Protein Folding and NP-Completeness

[cobalt124]

I'm looking to understand how protein folding has been shown to be NP-complete, but from the computational side rather than the biological side (if this is possible). Is there an analogous NP-complete problem that is similar? I read that self avoiding random walks might have something to do with it, but I can't visualise how. Maybe a simple introduction/model to/of protein folding would help (if one exists).

 

[jedishrfu]

My understanding of protein folding is that given a string of amino acids linked together as a string of beads you must try to fold it into a stable structure of lowest energy.

To do this then you would start by adjusting the degrees of freedom of each amino acid link which may take on any value within an angular range. The angular range is the limit is established by one amino bead colliding with another bead.

The sequence order of adjustment and the value of the angles would correspond to a traveling salesman
Selecting the starting city and the direction of travel.

It may be that you will have go through several adjustments for each link as you attempt to properly fold the structure.

 

[cobalt124]

Thankyou that looks like a foot in the door. I did come across traveling salesman when I was reading but forgot because I didn't understand the biology it was being related to. Going to do some further reading starting from your analogy see where I get.

 

[jedishrfu]

Here’s a diagram of the dihedral angles of protein folding.

https://goo.gl/images/AeBCZL

So for each connecting point you have two angles that can be adjusted. In some cases, the angle may be invalid because the protein string may have collided. As an example, if you have a string of pearls then bend them so far before one pearl collides with another. That test would be part of your fitness function if you were using genetic algorithms to solve the folding.

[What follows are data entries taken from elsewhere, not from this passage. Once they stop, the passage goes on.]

lemma wronskian_immersion_at_transform:
  assumes "wronskian_immersion_at n v z"
    and "\<forall>k\<le>n. \<sigma> k \<le> n \<and> \<sigma> (\<sigma> k) = k" and "\<forall>k\<le>n. c k \<noteq> 0"
    and "\<forall>\<^sub>F x in at z. \<forall>k\<le>n. v (\<sigma> k) x = c k * q x * u k x"
  shows "wronskian_immersion_at n u z"
proof -
  obtain w h a b where ana: "\<forall>k\<le>n. w k analytic_on {z}"
    and lift: "\<forall>\<^sub>F x in at z. \<forall>k\<le>n. w k x = h x * v k x"
    and ab: "a \<le> n" "b \<le> n" and W: "wronskian (w a) (w b) z \<noteq> 0"
    using assms(1) unfolding wronskian_immersion_at_def by blast
  have \<sigma>: "\<sigma> k \<le> n" "\<sigma> (\<sigma> k) = k" if "k \<le> n" for k
    using assms(2) that by auto
  define w' where "w' k = (\<lambda>x. inverse (c k) * w (\<sigma> k) x)" for k
  have ana': "\<forall>k\<le>n. w' k analytic_on {z}"
    using ana \<sigma> unfolding w'_def by (auto intro!: analytic_intros)
  have lift': "\<forall>\<^sub>F x in at z. \<forall>k\<le>n. w' k x = (h x * q x) * u k x"
    using lift assms(4) by eventually_elim (use assms(3) \<sigma> in \<open>simp add: w'_def field_simps\<close>)
  have "wronskian (w' (\<sigma> a)) (w' (\<sigma> b)) z
      = inverse (c (\<sigma> a)) * inverse (c (\<sigma> b)) * wronskian (w a) (w b) z"
    unfolding w'_def \<sigma>(2)[OF ab(1)] \<sigma>(2)[OF ab(2)] using ana ab
    by (intro wronskian_cmult) (auto intro: analytic_on_imp_differentiable_at)
  then have "wronskian (w' (\<sigma> a)) (w' (\<sigma> b)) z \<noteq> 0"
    using W assms(3) \<sigma>(1) ab by simp
  then show ?thesis
    by (rule wronskian_immersion_atI[OF ana' lift' \<sigma>(1)[OF ab(1)] \<sigma>(1)[OF ab(2)]])
qed

lemma wronskian_immersion_at_cong:
  assumes "wronskian_immersion_at n v z" "\<forall>\<^sub>F x in at z. \<forall>k\<le>n. v k x = u k x"
  shows "wronskian_immersion_at n u z"
  using wronskian_immersion_at_transform[OF assms(1), of id "\<lambda>_. 1" "\<lambda>_. 1" u] assms(2) by simp

definition B_local :: "(complex \<Rightarrow> complex) \<Rightarrow> (complex \<Rightarrow> complex) \<Rightarrow> nat \<Rightarrow> complex \<Rightarrow> complex" where
  "B_local F G k =
     (if k = 0 then deriv G
      else if k = 1 then (\<lambda>x. F x * deriv G x - 1/2 * G x * deriv F x)
      else if k = 2 then (\<lambda>x. G x * deriv G x)
      else (\<lambda>x. 1/2 * deriv F x))"

lemma B_coords_eq_B_local: "B_coords f g U \<phi> = B_local (in_chart U \<phi> f) (in_chart U \<phi> g)"
  by (auto simp: B_coords_def B_local_def Let_def fun_eq_iff)

lemma B_local_analytic:
  assumes "F analytic_on {z}" "G analytic_on {z}"
  shows "B_local F G k analytic_on {z}"
  using assms unfolding B_local_def by (auto intro!: analytic_intros)

lemma eventually_B_local_cong:
  assumes "\<forall>\<^sub>F x in at z. F x = F' x" "\<forall>\<^sub>F x in at z. G x = G' x"
  shows "\<forall>\<^sub>F x in at z. \<forall>k. B_local F G k x = B_local F' G' k x"
proof -
  have "\<forall>\<^sub>F x in at z. \<forall>\<^sub>F y in nhds x. F y = F' y \<and> G y = G' y"
    using eventually_conj[OF assms] by (rule eventually_at_imp_eventually_nhds)
  then show ?thesis
  proof eventually_elim
    case (elim x)
    then have "deriv F x = deriv F' x" "deriv G x = deriv G' x" "F x = F' x" "G x = G' x"
      by (auto intro: deriv_cong_ev elim: eventually_mono dest: eventually_nhds_x_imp_x)
    then show ?case
      by (simp add: B_local_def)
  qed
qed

lemma wronskian_immersion_at_B_local_cong:
  assumes "wronskian_immersion_at 3 (B_local F G) z"
    and "\<forall>\<^sub>F x in at z. F x = F' x" "\<forall>\<^sub>F x in at z. G x = G' x"
  shows "wronskian_immersion_at 3 (B_local F' G') z"
  using eventually_B_local_cong[OF assms(2,3)]
  by (intro wronskian_immersion_at_cong[OF assms(1)]) (auto elim: eventually_mono)

lemma wronskian_immersion_at_B_local_analytic:
  assumes F: "F analytic_on {z}" and G: "G analytic_on {z}" "deriv G z \<noteq> 0"
  shows "wronskian_immersion_at 3 (B_local F G) z"
proof -
  have "G field_differentiable at z" "deriv G field_differentiable at z"
    using G by (auto intro: analytic_on_imp_differentiable_at analytic_intros)
  then have "wronskian (B_local F G 0) (B_local F G 2) z = deriv G z ^ 3"
    by (simp add: wronskian_def B_local_def algebra_simps power3_eq_cube)
  then show ?thesis
    using B_local_analytic[OF F G(1)] G(2)
    by (intro wronskian_immersion_atI[of 3 "B_local F G" z "\<lambda>_. 1" _ 0 2]) auto
qed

You might find a better description on Wikipedia.

 

[jedishrfu]

I fund this video talk on protein folding that could get you started conceptwise:



and this one that gets into the details:

 

[cobalt124]

OK I've managed to narrow down what I am looking for. I maybe should have been more specific in my initial question, but I was less wise then. I'm trying to write a simple to understand explanation of PvsNP and my example NP problems are to be traveling salesman and protein folding. I want to show explicitly how the input string on a Turing Machine would grow exponentially in relation to the number of cities/amino acids. This I understand with Travelling Salesman. For protein folding I've had another search starting from the links above and have come up with two possible ways of explaining simply how protein folding is NP-Complete. The first is from:

http://www.brown.edu/Research/Istrail_Lab/papers/1998/p30-berger.pdf

which shows a complicated proof for a simple model of protein folding using a self avoiding walk on a 3D lattice being NP-Complete. This is a simple to understand model, but I can't extract a correspondingly simple explanation of why it would be NP-Complete using the Turing Machine model. The other approach is the one suggested for Travelling Salesman above:

Nodes are cities, edges are distances between cities, find the minimum distance from a starting city to visit a list of cities

Is there an analogous statement for a simple protein folding model:

Nodes are all the possible folded configurations, edges are the change in energy levels between folds, find the minimum energy level configuration. The "starting city" is a string of amino acids.

This looks different to Travelling Salesman, is an analogy like this too simple, or even possible? I may have misunderstood what was being said. Though given the two examples I am using this might be the better approach.